Pihak Kepolisian telah menutup kasus ini pada tahun 2020 dengan alasan telah diselesaikan melalui restorative justice sebabnya korban telah dinikahkan dengan seorang dari pelaku.
Pernikahan korban dengan pelaku dinilai Andy tak semestinya menjadi solusi dari kekerasan seksual.
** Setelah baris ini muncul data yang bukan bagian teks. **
(* The bialgebra $U_{K,L,norm}$ (with $\Delta,\varepsilon$ as in the context) admits no linear map $\mathsf{S}:U_{K,L,norm}\to U_{K,L,norm}$ satisfying $\mathsf{S}\star\mathsf{id}=\mathsf{id}\star\mathsf{S}=\eta\circ\varepsilon$.
   Context: Fix $q\in\mathbb{C}$, $q\neq 0,\pm1$. $U_{K,L,norm}$ is the unital associative $\mathbb{C}$-algebra generated by $K,\overline{K},L,\overline{L},E,F$ subject to $K\overline{K}K=K$, $\overline{K}K\overline{K}=\overline{K}$, $K\overline{K}=\overline{K}K$, $L\overline{L}L=L$, $\overline{L}L\overline{L}=\overline{L}$, $L\overline{L}=\overline{L}L$, $K\overline{K}+L\overline{L}=\mathbf{1}$, $KE=q^2EK$, $LE=q^2EL$, $\overline{K}E=q^{-2}E\overline{K}$, $\overline{L}E=q^{-2}E\overline{L}$, $KF=q^{-2}FK$, $LF=q^{-2}FL$, $\overline{K}F=q^2F\overline{K}$, $\overline{L}F=q^2F\overline{L}$, $EF-FE=\frac{(K+L)-(\overline{K}+\overline{L})}{q-q^{-1}}$. It is a bialgebra with the algebra homomorphisms $\Delta:U\to U\otimes U$, $\varepsilon:U\to\mathbb{C}$ determined by $\Delta(K)=K\otimes K$, $\Delta(\overline{K})=\overline{K}\otimes\overline{K}$, $\Delta(L)=L\otimes L+L\otimes K+K\otimes L$, $\Delta(\overline{L})=\overline{L}\otimes\overline{L}+\overline{L}\otimes\overline{K}+\overline{K}\otimes\overline{L}$, $\Delta(E)=\mathbf{1}\otimes E+E\otimes(K+L)$, $\Delta(F)=F\otimes\mathbf{1}+(\overline{K}+\overline{L})\otimes F$, $\varepsilon(K)=\varepsilon(\overline{K})=1$, $\varepsilon(L)=\varepsilon(\overline{L})=\varepsilon(E)=\varepsilon(F)=0$. For linear maps $A,B$ of $U$, the convolution is $A\star B=\mu\circ(A\otimes B)\circ\Delta$, where $\mu$ is the multiplication; $\eta:\mathbb{C}\to U$ is the unit map $\lambda\mapsto\lambda\mathbf{1}$. *)

theory Defs
  imports Main "HOL.Complex"
begin

datatype gen = gK | gKb | gL | gLb | gE | gF

text \<open>Elements of the free unital associative C-algebra on gen are finitely supported
  functions from words (gen list) to complex coefficients.\<close>

type_synonym fel = "gen list \<Rightarrow> complex"

definition fa :: "fel set" where
  "fa = {x. finite {w. x w \<noteq> 0}}"

definition fzero :: fel where "fzero = (\<lambda>_. 0)"
definition fadd :: "fel \<Rightarrow> fel \<Rightarrow> fel" where "fadd x y = (\<lambda>w. x w + y w)"
definition fsmul :: "complex \<Rightarrow> fel \<Rightarrow> fel" where "fsmul c x = (\<lambda>w. c * x w)"
definition fsub :: "fel \<Rightarrow> fel \<Rightarrow> fel" where "fsub x y = (\<lambda>w. x w - y w)"

definition fmul :: "fel \<Rightarrow> fel \<Rightarrow> fel" where
  "fmul x y = (\<lambda>w. \<Sum>i\<le>length w. x (take i w) * y (drop i w))"

definition mon :: "gen list \<Rightarrow> fel" where
  "mon w = (\<lambda>v. if v = w then 1 else 0)"

definition fone :: fel where "fone = mon []"

definition fsum :: "fel list \<Rightarrow> fel" where
  "fsum xs = foldr fadd xs fzero"

definition rels :: "complex \<Rightarrow> fel list" where
  "rels q = [
    fsub (mon [gK, gKb, gK]) (mon [gK]),
    fsub (mon [gKb, gK, gKb]) (mon [gKb]),
    fsub (mon [gK, gKb]) (mon [gKb, gK]),
    fsub (mon [gL, gLb, gL]) (mon [gL]),
    fsub (mon [gLb, gL, gLb]) (mon [gLb]),
    fsub (mon [gL, gLb]) (mon [gLb, gL]),
    fsub (fadd (mon [gK, gKb]) (mon [gL, gLb])) fone,
    fsub (mon [gK, gE]) (fsmul (q^2) (mon [gE, gK])),
    fsub (mon [gL, gE]) (fsmul (q^2) (mon [gE, gL])),
    fsub (mon [gKb, gE]) (fsmul (inverse (q^2)) (mon [gE, gKb])),
    fsub (mon [gLb, gE]) (fsmul (inverse (q^2)) (mon [gE, gLb])),
    fsub (mon [gK, gF]) (fsmul (inverse (q^2)) (mon [gF, gK])),
    fsub (mon [gL, gF]) (fsmul (inverse (q^2)) (mon [gF, gL])),
    fsub (mon [gKb, gF]) (fsmul (q^2) (mon [gF, gKb])),
    fsub (mon [gLb, gF]) (fsmul (q^2) (mon [gF, gLb])),
    fsub (fsub (mon [gE, gF]) (mon [gF, gE]))
         (fsmul (inverse (q - inverse q))
            (fsub (fadd (mon [gK]) (mon [gL])) (fadd (mon [gKb]) (mon [gLb]))))
  ]"

inductive_set rel_ideal :: "complex \<Rightarrow> fel set" for q :: complex where
  gen_rel: "r \<in> set (rels q) \<Longrightarrow> a \<in> fa \<Longrightarrow> b \<in> fa \<Longrightarrow> fmul (fmul a r) b \<in> rel_ideal q"
| zero: "fzero \<in> rel_ideal q"
| add: "x \<in> rel_ideal q \<Longrightarrow> y \<in> rel_ideal q \<Longrightarrow> fadd x y \<in> rel_ideal q"

text \<open>Equality in U_{K,L,norm} = free algebra / rel_ideal.\<close>
definition eqU :: "complex \<Rightarrow> fel \<Rightarrow> fel \<Rightarrow> bool" where
  "eqU q x y \<longleftrightarrow> fsub x y \<in> rel_ideal q"

text \<open>Delta of a generator as a list of pure tensors (left word, right word), all with
  coefficient 1; e.g. Delta(E) = 1 (x) E + E (x) K + E (x) L.\<close>
fun dgen :: "gen \<Rightarrow> (gen list \<times> gen list) list" where
  "dgen gK = [([gK], [gK])]"
| "dgen gKb = [([gKb], [gKb])]"
| "dgen gL = [([gL], [gL]), ([gL], [gK]), ([gK], [gL])]"
| "dgen gLb = [([gLb], [gLb]), ([gLb], [gKb]), ([gKb], [gLb])]"
| "dgen gE = [([], [gE]), ([gE], [gK]), ([gE], [gL])]"
| "dgen gF = [([gF], []), ([gKb], [gF]), ([gLb], [gF])]"

text \<open>Delta of the word g1...gn = Delta(g1)...Delta(gn) (Delta is an algebra map),
  expanded as a list of pure tensors of words.\<close>
fun dword :: "gen list \<Rightarrow> (gen list \<times> gen list) list" where
  "dword [] = [([], [])]"
| "dword (g # w) = [(a @ a', b @ b'). (a, b) \<leftarrow> dgen g, (a', b') \<leftarrow> dword w]"

definition epsw :: "gen list \<Rightarrow> complex" where
  "epsw w = (if set w \<subseteq> {gK, gKb} then 1 else 0)"

text \<open>Convolution (A * B)(w) = mu (A (x) B) Delta(w), evaluated on the word w.\<close>
definition conv :: "(fel \<Rightarrow> fel) \<Rightarrow> (fel \<Rightarrow> fel) \<Rightarrow> gen list \<Rightarrow> fel" where
  "conv A B w = fsum (map (\<lambda>(a, b). fmul (A (mon a)) (B (mon b))) (dword w))"

text \<open>A C-linear endomorphism of U, given by a C-linear map of the free algebra that
  preserves the defining ideal (every linear endomorphism of U lifts this way).\<close>
definition linU :: "complex \<Rightarrow> (fel \<Rightarrow> fel) \<Rightarrow> bool" where
  "linU q S \<longleftrightarrow> (\<forall>x\<in>fa. S x \<in> fa)
     \<and> (\<forall>x\<in>fa. \<forall>y\<in>fa. S (fadd x y) = fadd (S x) (S y))
     \<and> (\<forall>c. \<forall>x\<in>fa. S (fsmul c x) = fsmul c (S x))
     \<and> (\<forall>x\<in>rel_ideal q. S x \<in> rel_ideal q)"

end

theory Submission
  imports Defs
begin

(* Idea: the grouplike element K cannot be invertible in U, so no antipode exists.
   If S were an antipode, the counit law for Delta(K) = K (x) K would give
   S(K) K = 1 in U.  We exhibit a character chi : U -> C (an algebra homomorphism)
   with chi(K) = 0: it sends L and Lbar to 1 and K, Kbar, E, F to 0, which is
   compatible with all defining relations (K Kbar + L Lbar = 1 holds as 0 + 1 = 1).
   Applying chi to S(K) K = 1 yields 0 = 1.  The argument uses only the counit law
   S * id = eta o eps at K and works for every value of q. *)

definition supp :: "fel \<Rightarrow> gen list set" where
  "supp x = {w. x w \<noteq> 0}"

lemma fa_iff_finite_supp: "x \<in> fa \<longleftrightarrow> finite (supp x)"
  by (simp add: fa_def supp_def)

lemma fa_fadd: "x \<in> fa \<Longrightarrow> y \<in> fa \<Longrightarrow> fadd x y \<in> fa"
  unfolding fa_def fadd_def
  by (auto intro: finite_subset[of _ "{w. x w \<noteq> 0} \<union> {w. y w \<noteq> 0}"])

lemma fa_fsmul: "x \<in> fa \<Longrightarrow> fsmul c x \<in> fa"
  unfolding fa_def fsmul_def by (auto intro: finite_subset[of _ "{w. x w \<noteq> 0}"])

lemma fsub_as_fadd: "fsub x y = fadd x (fsmul (-1) y)"
  by (simp add: fsub_def fadd_def fsmul_def)

lemma fa_fsub: "x \<in> fa \<Longrightarrow> y \<in> fa \<Longrightarrow> fsub x y \<in> fa"
  by (simp add: fsub_as_fadd fa_fadd fa_fsmul)

lemma fa_mon: "mon w \<in> fa"
  unfolding fa_def mon_def by auto

lemma fa_fzero: "fzero \<in> fa"
  unfolding fa_def fzero_def by auto

lemma supp_fmul: "supp (fmul x y) \<subseteq> (\<lambda>(u, v). u @ v) ` (supp x \<times> supp y)"
proof
  fix w assume "w \<in> supp (fmul x y)"
  then have "(\<Sum>i\<le>length w. x (take i w) * y (drop i w)) \<noteq> 0"
    by (simp add: supp_def fmul_def)
  then obtain i where "x (take i w) * y (drop i w) \<noteq> 0"
    by (meson sum.neutral)
  then have "(take i w, drop i w) \<in> supp x \<times> supp y" by (simp add: supp_def)
  then show "w \<in> (\<lambda>(u, v). u @ v) ` (supp x \<times> supp y)"
    by (intro image_eqI[of _ _ "(take i w, drop i w)"]) auto
qed

lemma fa_fmul: "x \<in> fa \<Longrightarrow> y \<in> fa \<Longrightarrow> fmul x y \<in> fa"
  unfolding fa_iff_finite_supp by (auto intro: finite_subset[OF supp_fmul])

lemmas fa_closed = fa_fadd fa_fsub fa_fsmul fa_mon fa_fzero fa_fmul

lemma fmul_as_splitting_sum:
  "fmul x y w = (\<Sum>p\<in>{p \<in> supp x \<times> supp y. fst p @ snd p = w}. x (fst p) * y (snd p))"
proof -
  let ?split = "\<lambda>i. (take i w, drop i w)"
  have splittings: "?split ` {..length w} = {p. fst p @ snd p = w}"
  proof
    show "{p. fst p @ snd p = w} \<subseteq> ?split ` {..length w}"
    proof
      fix p assume "p \<in> {p. fst p @ snd p = w}"
      then have "p = ?split (length (fst p))" and "length (fst p) \<le> length w" by auto
      then show "p \<in> ?split ` {..length w}" by blast
    qed
  qed auto
  have "inj_on ?split {..length w}"
    by (rule inj_onI) (metis atMost_iff length_take min.absorb2 prod.inject)
  then have "fmul x y w = (\<Sum>p\<in>?split ` {..length w}. x (fst p) * y (snd p))"
    by (simp add: fmul_def sum.reindex)
  also have "\<dots> = (\<Sum>p\<in>{p \<in> supp x \<times> supp y. fst p @ snd p = w}. x (fst p) * y (snd p))"
    unfolding splittings
    by (rule sum.mono_neutral_right) (use splittings[symmetric] in \<open>auto simp: supp_def\<close>)
  finally show ?thesis .
qed

definition lin_ext :: "(gen list \<Rightarrow> complex) \<Rightarrow> fel \<Rightarrow> complex" where
  "lin_ext phi x = (\<Sum>w\<in>supp x. x w * phi w)"

lemma lin_ext_over:
  assumes "finite T" "supp x \<subseteq> T"
  shows "lin_ext phi x = (\<Sum>w\<in>T. x w * phi w)"
  unfolding lin_ext_def by (rule sum.mono_neutral_left) (use assms in \<open>auto simp: supp_def\<close>)

lemma lin_ext_fadd:
  assumes "x \<in> fa" "y \<in> fa"
  shows "lin_ext phi (fadd x y) = lin_ext phi x + lin_ext phi y"
proof -
  define T where "T = supp x \<union> supp y"
  have "finite T" using assms by (simp add: T_def fa_iff_finite_supp)
  moreover have "supp (fadd x y) \<subseteq> T" "supp x \<subseteq> T" "supp y \<subseteq> T"
    by (auto simp: T_def supp_def fadd_def)
  ultimately show ?thesis
    by (simp add: lin_ext_over[of T] fadd_def distrib_right sum.distrib)
qed

lemma lin_ext_fsmul:
  assumes "x \<in> fa"
  shows "lin_ext phi (fsmul c x) = c * lin_ext phi x"
proof -
  have "supp (fsmul c x) \<subseteq> supp x" by (auto simp: supp_def fsmul_def)
  then show ?thesis
    using assms by (simp add: lin_ext_over[of "supp x"] fa_iff_finite_supp fsmul_def
        sum_distrib_left mult.assoc)
qed

lemma lin_ext_fsub:
  assumes "x \<in> fa" "y \<in> fa"
  shows "lin_ext phi (fsub x y) = lin_ext phi x - lin_ext phi y"
  using assms by (simp add: fsub_as_fadd lin_ext_fadd lin_ext_fsmul fa_fsmul)

lemma lin_ext_mon: "lin_ext phi (mon w) = phi w"
  by (subst lin_ext_over[of "{w}"]) (auto simp: mon_def supp_def)

lemma lin_ext_fzero: "lin_ext phi fzero = 0"
  by (simp add: lin_ext_def fzero_def)

lemma lin_ext_fmul:
  assumes mult: "\<And>u v. phi (u @ v) = phi u * phi v"
    and "x \<in> fa" "y \<in> fa"
  shows "lin_ext phi (fmul x y) = lin_ext phi x * lin_ext phi y"
proof -
  let ?P = "supp x \<times> supp y" and ?cat = "\<lambda>p. fst p @ snd p"
  have finP: "finite ?P" using assms(2,3) by (simp add: fa_iff_finite_supp)
  have "supp (fmul x y) \<subseteq> ?cat ` ?P"
    using supp_fmul by (auto simp: case_prod_beta')
  then have "lin_ext phi (fmul x y) = (\<Sum>w\<in>?cat ` ?P. fmul x y w * phi w)"
    using finP by (simp add: lin_ext_over)
  also have "\<dots> = (\<Sum>w\<in>?cat ` ?P. \<Sum>p\<in>{p \<in> ?P. ?cat p = w}. x (fst p) * y (snd p) * phi (?cat p))"
    by (rule sum.cong) (auto simp: fmul_as_splitting_sum sum_distrib_right)
  also have "\<dots> = (\<Sum>p\<in>?P. x (fst p) * y (snd p) * phi (?cat p))"
    by (rule sum.image_gen[symmetric]) (rule finP)
  also have "\<dots> = (\<Sum>p\<in>?P. (x (fst p) * phi (fst p)) * (y (snd p) * phi (snd p)))"
    by (simp add: mult mult_ac)
  also have "\<dots> = lin_ext phi x * lin_ext phi y"
    by (simp add: lin_ext_def sum_product sum.cartesian_product split_def)
  finally show ?thesis .
qed

definition L_weight :: "gen list \<Rightarrow> complex" where
  "L_weight w = (if set w \<subseteq> {gL, gLb} then 1 else 0)"

lemma L_weight_append: "L_weight (u @ v) = L_weight u * L_weight v"
  by (auto simp: L_weight_def)

abbreviation chiL :: "fel \<Rightarrow> complex" where
  "chiL \<equiv> lin_ext L_weight"

lemmas chiL_simps = lin_ext_fadd lin_ext_fsub lin_ext_fsmul lin_ext_mon lin_ext_fzero
  lin_ext_fmul[OF L_weight_append]

lemma rels_killed: "r \<in> set (rels q) \<Longrightarrow> r \<in> fa \<and> chiL r = 0"
proof -
  have "list_all (\<lambda>r. r \<in> fa \<and> chiL r = 0) (rels q)"
    unfolding rels_def fone_def by (simp add: fa_closed chiL_simps L_weight_def)
  then show "r \<in> set (rels q) \<Longrightarrow> r \<in> fa \<and> chiL r = 0"
    by (simp add: list_all_iff)
qed

lemma rel_ideal_killed: "x \<in> rel_ideal q \<Longrightarrow> x \<in> fa \<and> chiL x = 0"
proof (induction rule: rel_ideal.induct)
  case (gen_rel r a b)
  then show ?case using rels_killed[OF gen_rel(1)] by (simp add: fa_closed chiL_simps)
qed (auto simp: fa_closed chiL_simps)

text \<open>K is not left invertible in U: no element s satisfies s K = 1,
  since chiL(s K) = chiL(s) * 0 while chiL(1) = 1.\<close>
lemma K_not_left_invertible:
  assumes "s \<in> fa"
  shows "\<not> eqU q (fmul s (mon [gK])) fone"
proof
  assume "eqU q (fmul s (mon [gK])) fone"
  then have "chiL (fsub (fmul s (mon [gK])) fone) = 0"
    using rel_ideal_killed by (simp add: eqU_def)
  moreover have "chiL (fsub (fmul s (mon [gK])) fone) = -1"
    using assms by (simp add: fone_def fa_closed chiL_simps L_weight_def)
  ultimately show False by simp
qed

text \<open>Since Delta(K) = K (x) K, the convolution (S * id) evaluated at K is S(K) K.\<close>
lemma conv_at_K: "conv A B [gK] = fadd (fmul (A (mon [gK])) (B (mon [gK]))) fzero"
  by (simp add: conv_def fsum_def)

theorem proposition8:
  fixes q :: complex
  assumes "q \<noteq> 0" and "q \<noteq> 1" and "q \<noteq> -1"
  shows "\<not> (\<exists>S. linU q S
              \<and> (\<forall>w. eqU q (conv S id w) (fsmul (epsw w) fone))
              \<and> (\<forall>w. eqU q (conv id S w) (fsmul (epsw w) fone)))"
proof
  assume "\<exists>S. linU q S
              \<and> (\<forall>w. eqU q (conv S id w) (fsmul (epsw w) fone))
              \<and> (\<forall>w. eqU q (conv id S w) (fsmul (epsw w) fone))"
  then obtain S where lin: "linU q S"
    and counit_K: "eqU q (conv S id [gK]) (fsmul (epsw [gK]) fone)"
    by blast
  have "S (mon [gK]) \<in> fa" using lin fa_mon by (simp add: linU_def)
  moreover have "eqU q (fmul (S (mon [gK])) (mon [gK])) fone"
    using counit_K by (simp add: conv_at_K epsw_def eqU_def fadd_def fzero_def fsmul_def)
  ultimately show False using K_not_left_invertible by blast
qed

end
Sebab, itu dapat menjadi celah bagi pelaku untuk lari dari tanggung jawab hukum.
"Jadinya impunitas (pembebasan dari hukuman)," katanya pada Kamis (27/10/2022).
Baca juga: Tanggapan Komnas Perempuan Soal Lesti Kejora Cabut Laporan KDRT
Menurut Andy, dalam kasus rudapaksa atau pemerkosaan, bukan hanya tanggung jawab kehamilan semata yang dituntut tetapi ada pula tanggung jawab atas perbuatan pemerkosaannya.
"Terus siapa yang akan memastikan kalau dia bertanggung jawab?" katanya.
Selain itu, menikahkan paksa juga cenderung menimbulkan terabaikannya hak-hak korban seperti pemulihan fisik dan psikis.
Proses hukum memang semestinya berlanjut dalam kasus ini.
Pernikahan juga tidak bisa dianggap sebagai bagian dari restorative justice dalam kasus rudapaksa.
Restorative justice pun diungkapkan Andy bukan semata-mata untuk mengalihkan pertanggung jawaban hukum.
Semestinya, hanya proses penghukumannya yang berbeda.
"Mungkin ada hal lain yang masih harus dilakukan oleh si pelaku itu supaya dia betul-betul sadar dan memastikan dia tidak mengulanginya," katanya.
Sebagai informasi, kasus ini diawali dari pemerkosaan yang dilakukan empat pegawai Kemenkop terhadap ND pada Desember 2019 di Bogor.
Keempatnya berinisial WH, ZP, ZF, dan NN.